Cestari Tania F, Souza Cacilda da Silva, Azulay-Abulafia Luna, Romiti Ricardo, Carvalho André V E, Silva de Castro Caio César, Marques Sílvio Alencar, Antonio João Roberto, Fabrício Lincoln, Soliman Ahmed M, Wu Tianshuang, Sinvhal Ranjeeta, Stakias Vassilis, Song Alexandra P, Kalabic Jasmina, Martin Naomi, Oyafuso Luiza Keiko Matsuka
Department of Dermatology, Hospital de Clínicas de Porto Alegre, Universidade Federal do Rio Grande do Sul, Porto Alegre, RS, Brazil.
Division of Dermatology, Faculdade de Medicina de Ribeirão Preto, Universidade de São Paulo, Ribeirão Preto, SP, Brazil.
An Bras Dermatol. 2025 Mar-Apr;100(2):260-271. doi: 10.1016/j.abd.2024.08.002. Epub 2024 Dec 7.
Psoriasis, a chronic, inflammatory skin disease, requires long-term therapy. Risankizumab is a humanized immunoglobulin G1 monoclonal antibody that specifically inhibits interleukin 23 by binding to its p19 subunit.
The authors assessed the efficacy and safety of risankizumab compared with methotrexate in adults with moderate-to-severe plaque psoriasis.
IMMbrace was a phase 3, multicenter, randomized, double-blind, double-dummy, active-controlled study. Patients received subcutaneous risankizumab 150 mg at weeks 0, 4, and 16 plus oral placebo weekly, or oral methotrexate 5 mg weekly (with dose escalation up to 25 mg based on response and tolerability) plus subcutaneous placebo at weeks 0, 4, and 16. Primary efficacy endpoints were the proportions of patients who achieved ≥ 90% improvement in Psoriasis Area and Severity Index (PASI90) and static Physician's Global Assessment of clear/almost clear (sPGA 0/1) at week 28. Safety was also assessed.

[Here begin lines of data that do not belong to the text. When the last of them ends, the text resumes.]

lemma prod_tail_weight_ge:
  fixes q s :: real
  assumes I: "finite I" and q: "0 < q" "q < 2"
    and A: "s < card {j\<in>I. c j \<in> A}" and B: "card {j\<in>I. c j \<in> B} < 11/20 * q * card {j\<in>I. c j \<in> A}"
  shows "exp (s * q / 10) \<le> (\<Prod>j\<in>I. tail_weight A B q (c j))"
proof -
  define nA nB where "nA = card {j\<in>I. c j \<in> A}" and "nB = card {j\<in>I. c j \<in> B}"
  have half: "exp (- (25/36) * nB) \<le> (1/2) ^ nB"
  proof -
    have "exp (- (25/36)) \<le> exp (- ln (2::real))" using ln2_le_25_over_36 by simp
    hence "exp (- (25/36)) \<le> (1/2::real)" by (simp add: exp_minus)
    hence "exp (- (25/36)) ^ nB \<le> (1/2::real) ^ nB" by (intro power_mono) auto
    thus ?thesis by (simp add: exp_of_nat_mult[symmetric] mult.commute)
  qed
  have inverse: "exp (q/2 * nA) \<le> (1 / (1 - q/2)) ^ nA"
  proof -
    have "1 - q/2 \<le> exp (- (q/2))" using exp_ge_add_one_self[of "- (q/2)"] by simp
    hence "exp (q/2) \<le> 1 / (1 - q/2)" using q(2) by (simp add: exp_minus field_simps)
    hence "exp (q/2) ^ nA \<le> (1 / (1 - q/2)) ^ nA" by (intro power_mono) auto
    thus ?thesis by (simp add: exp_of_nat_mult[symmetric] mult.commute)
  qed
  have "s * q < nA * q" using A q(1) unfolding nA_def by (rule mult_strict_right_mono)
  moreover have "0 \<le> nA * q" using q(1) by simp
  ultimately have "s * q / 10 \<le> - (25/36) * nB + q/2 * nA"
    using B unfolding nB_def[symmetric] nA_def[symmetric] by (simp add: field_simps)
  hence "exp (s * q / 10) \<le> exp (- (25/36) * nB) * exp (q/2 * nA)"
    by (simp add: mult_exp_exp)
  also have "\<dots> \<le> (1/2) ^ nB * (1 / (1 - q/2)) ^ nA"
    using half inverse by (intro mult_mono) auto
  also have "\<dots> = (\<Prod>j\<in>I. tail_weight A B q (c j))"
    using I by (simp add: tail_weight_def nA_def nB_def prod.distrib prod.If_cases Int_def)
  finally show ?thesis .
qed

lemma card_PiE_lower_tail_le:
  fixes A B :: "'a set" and q s :: real
  assumes I: "finite I" and G: "finite G" and BA: "B \<subseteq> A"
    and q: "card (G \<inter> B) = q * card (G \<inter> A)" "0 < q" "q \<le> 1"
  shows "card {c \<in> PiE I (\<lambda>_. G). s < card {j\<in>I. c j \<in> A}
                  \<and> card {j\<in>I. c j \<in> B} < 11/20 * q * card {j\<in>I. c j \<in> A}}
           \<le> exp (- s * q / 10) * card (PiE I (\<lambda>_. G))"
    (is "real (card ?bad) \<le> _")
proof -
  let ?heavy = "{c \<in> PiE I (\<lambda>_. G). exp (s * q / 10) \<le> (\<Prod>j\<in>I. tail_weight A B q (c j))}"
  have "?bad \<subseteq> ?heavy" using prod_tail_weight_ge[OF I q(2)] q(3) by auto
  hence "card ?bad \<le> card ?heavy"
    using finite_PiE[OF I, of "\<lambda>_. G"] G by (intro card_mono) auto
  hence "exp (s * q / 10) * card ?bad \<le> exp (s * q / 10) * card ?heavy" by simp
  also have "\<dots> \<le> card (PiE I (\<lambda>_. G))"
    using q(3) by (intro card_PiE_prod_ge_le[OF I G _ sum_tail_weight[OF G BA q(1)]] tail_weight_nonneg) auto
  finally have markov: "exp (s * q / 10) * card ?bad \<le> card (PiE I (\<lambda>_. G))" .
  have "card ?bad = exp (- s * q / 10) * (exp (s * q / 10) * card ?bad)"
    by (simp add: mult.assoc[symmetric] mult_exp_exp)
  also have "\<dots> \<le> exp (- s * q / 10) * card (PiE I (\<lambda>_. G))"
    using markov by (intro mult_left_mono) auto
  finally show ?thesis .
qed
text \<open>Only partial derivatives are assumed, so \<open>u\<close> is joined to \<open>u + h\<close> by a path of segments
  parallel to the axes, one coordinate at a time; the path stays in the box around \<open>u\<close> with
  half-widths \<open>\<bar>h $ j\<bar>\<close>.\<close>
lemma coordinatewise_linearization_bound:
  fixes \<phi> :: "real^'n::finite \<Rightarrow> real" and D :: "'n \<Rightarrow> real^'n \<Rightarrow> real"
  assumes der: "\<And>x i. ((\<lambda>t. \<phi> (x + t *\<^sub>R axis i 1)) has_real_derivative D i x) (at 0)"
    and bound: "\<And>i y. (\<forall>j. \<bar>(y - u) $ j\<bar> \<le> \<bar>h $ j\<bar>) \<Longrightarrow> \<bar>D i y - c i\<bar> \<le> K"
  shows "\<bar>\<phi> (u + h) - \<phi> u - (\<Sum>i\<in>UNIV. h $ i * c i)\<bar> \<le> K * (\<Sum>i\<in>UNIV. \<bar>h $ i\<bar>)"
proof -
  have "\<bar>\<phi> (u + restrict_coords S h) - \<phi> u - (\<Sum>i\<in>S. h $ i * c i)\<bar> \<le> K * (\<Sum>i\<in>S. \<bar>h $ i\<bar>)"
    for S
  proof (induction S rule: finite_induct[OF finite])
    case 1
    then show ?case
      by simp
  next
    case (2 i S)
    define p where "p = u + restrict_coords S h"
    define \<psi> where "\<psi> t = \<phi> (p + t *\<^sub>R axis i 1)" for t
    have "(\<psi> has_real_derivative D i (p + t *\<^sub>R axis i 1)) (at t)" for t
    proof -
      have "((\<lambda>s. \<psi> (s + t)) has_real_derivative D i (p + t *\<^sub>R axis i 1)) (at 0)"
        using der[of "p + t *\<^sub>R axis i 1" i]
        by (simp add: \<psi>_def scaleR_add_left add.assoc add.commute add.left_commute)
      then show ?thesis
        using DERIV_shift[of \<psi> _ 0 t] by simp
    qed
    moreover have "\<bar>D i (p + t *\<^sub>R axis i 1) - c i\<bar> \<le> K" if "\<bar>t\<bar> \<le> \<bar>h $ i\<bar>" for t
      using that 2(2) by (intro bound) (auto simp: p_def restrict_coords_def axis_def)
    ultimately have "\<bar>\<psi> (h $ i) - \<psi> 0 - h $ i * c i\<bar> \<le> K * \<bar>h $ i\<bar>"
      by (rule linearization_bound_real)
    moreover have "\<phi> (u + restrict_coords (insert i S) h) = \<psi> (h $ i)"
      "\<phi> (u + restrict_coords S h) = \<psi> 0"
      using 2(2) by (simp_all add: restrict_coords_insert \<psi>_def p_def add.assoc)
    ultimately show ?case
      using 2(1-3) by (simp add: algebra_simps)
  qed
  from this[of UNIV] show ?thesis
    by simp
qed
(* Let $n\ge2$, let $\mathcal{G}$ be one of $F_n$, $T_n$, $V_n$, and let $g\in\mathcal{G}$ be represented by the tree pair $(\mathrm{G}_{+},\sigma,\mathrm{G}_{-})$. Let $\ell_u(\mathrm{G}_{+})\mapsto\ell_v(\mathrm{G}_{-})$ be a branch of $g$, let $h\in F_n$ and let $h'=(h)_{[v]}$. Then $\mathcal{N}(gh')=\mathcal{N}(g)+\mathcal{N}(h)-1$.
   Context: $F_n,T_n,V_n$ are the Brown–Thompson groups of piecewise-linear maps of $[0,1]$ (resp. the circle, resp. right-continuous bijections of $[0,1]$) with finitely many $n$-adic breakpoints and slopes powers of $n$; elements are represented by pairs $(\mathrm{T}_+,\sigma,\mathrm{T}_-)$ of rooted finite $n$-ary trees with the same number of leaves and a bijection $\sigma$ between their leaves, and each element has a unique reduced such representative. $\mathcal{N}(g)$ is the number of leaves of each tree in the reduced tree pair of $g$. Nodes of the infinite rooted $n$-ary tree are identified with words over $\{0,\dots,n-1\}$ (the path from the root); a leaf of a finite tree corresponds to such a word, and the path from the root to leaf $\omega$ is denoted $\ell_\omega(\mathrm{T})$. A branch of $g$ is a correspondence $\ell_{\omega}(\mathrm{T}_+)\mapsto\ell_{\sigma(\omega)}(\mathrm{T}_-)$ between a leaf of the source tree and the leaf of the target tree it is mapped to. For $h\in F_n$ with tree pair $(\mathrm{H}_+,\mathrm{id},\mathrm{H}_-)$ and a word $v$, $(h)_{[v]}$ denotes the element whose tree pair is obtained from a tree pair $(\mathrm{T},\mathrm{id},\mathrm{T})$ having $v$ as a leaf by attaching $\mathrm{H}_+$ to the leaf $v$ of the source tree and $\mathrm{H}_-$ to the leaf $v$ of the target tree (so it acts as $h$ on the subinterval corresponding to $v$ and as the identity elsewhere). *)

theory Defs
  imports Complex_Main
begin

text \<open>Words over {0..n-1} are nat lists. The n-adic interval of a word w is
  [wleft n w, wleft n w + wlen n w).\<close>

definition wleft :: "nat \<Rightarrow> nat list \<Rightarrow> real" where
  "wleft n w = (\<Sum>i<length w. real (w ! i) / real n ^ (i + 1))"

definition wlen :: "nat \<Rightarrow> nat list \<Rightarrow> real" where
  "wlen n w = 1 / real n ^ length w"

definition in_word :: "nat \<Rightarrow> nat list \<Rightarrow> real \<Rightarrow> bool" where
  "in_word n w x \<longleftrightarrow> wleft n w \<le> x \<and> x < wleft n w + wlen n w"

text \<open>Finite rooted n-ary trees, represented by their sets of leaves
  (each leaf identified with the word of its path from the root).\<close>

inductive_set ntree :: "nat \<Rightarrow> nat list set set" for n :: nat where
  root: "{[]} \<in> ntree n"
| expand: "L \<in> ntree n \<Longrightarrow> w \<in> L \<Longrightarrow> (L - {w}) \<union> {w @ [i] | i. i < n} \<in> ntree n"

text \<open>A tree pair (T+, sigma, T-): leaves of source tree, bijection of leaves, leaves of target tree.\<close>

type_synonym tpair = "nat list set \<times> (nat list \<Rightarrow> nat list) \<times> nat list set"

definition tree_pair :: "nat \<Rightarrow> tpair \<Rightarrow> bool" where
  "tree_pair n P = (case P of (Tp, \<sigma>, Tm) \<Rightarrow>
     Tp \<in> ntree n \<and> Tm \<in> ntree n \<and> bij_betw \<sigma> Tp Tm)"

definition F_pair :: "nat \<Rightarrow> tpair \<Rightarrow> bool" where
  "F_pair n P = (tree_pair n P \<and> (case P of (Tp, \<sigma>, Tm) \<Rightarrow>
     (\<forall>a\<in>Tp. \<forall>b\<in>Tp. wleft n a < wleft n b \<longrightarrow> wleft n (\<sigma> a) < wleft n (\<sigma> b))))"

Among 98 patients randomized (risankizumab, n = 50; methotrexate, n = 48), 95 completed the double-blind period. At week 28, significantly higher proportions of patients treated with risankizumab versus methotrexate achieved PASI90 (84.0% vs. 35.4%; p < 0.001); sPGA 0/1 was achieved by 90.0% and 64.6% of patients in the risankizumab and methotrexate groups (p ≤ 0.001). Risankizumab efficacy was maintained throughout week 112. Adverse event rates were similar in the two groups.
The sample size was small due to the difficulty of recruiting patients without methotrexate use.
Risankizumab demonstrated superior efficacy over methotrexate at week 28; efficacy was maintained, and no new safety findings were observed through week 112.
银屑病是一种慢性炎症性皮肤病,需要长期治疗。瑞莎珠单抗是一种人源化免疫球蛋白G1单克隆抗体,通过与其p19亚基结合特异性抑制白细胞介素23。
作者评估了在中度至重度斑块状银屑病成人患者中,与甲氨蝶呤相比,瑞莎珠单抗的疗效和安全性。
IMMbrace是一项3期、多中心、随机、双盲、双模拟、活性对照研究。患者在第0、4和16周接受皮下注射150mg瑞莎珠单抗,每周口服安慰剂,或每周口服5mg甲氨蝶呤(根据反应和耐受性剂量可增至25mg),并在第0、4和16周接受皮下注射安慰剂。主要疗效终点是在第28周达到银屑病面积和严重程度指数改善≥90%(PASI90)以及静态医师整体评估为清除/几乎清除(sPGA 0/1)的患者比例。同时也评估了安全性。
在98例随机分组的患者中(瑞莎珠单抗组n = 50;甲氨蝶呤组n = 48),95例完成了双盲期。在第28周,与甲氨蝶呤相比,接受瑞莎珠单抗治疗的患者达到PASI90的比例显著更高(84.0%对35.4%;p < 0.001);瑞莎珠单抗组和甲氨蝶呤组分别有90.0%和64.6%的患者达到sPGA 0/1(p≤0.001)。瑞莎珠单抗的疗效在第112周期间一直维持。两组的不良事件发生率相似。
由于招募未使用过甲氨蝶呤的患者存在困难,样本量较小。
在第28周时,瑞莎珠单抗显示出优于甲氨蝶呤的疗效;疗效得以维持,并且在第112周期间未观察到新的安全性发现。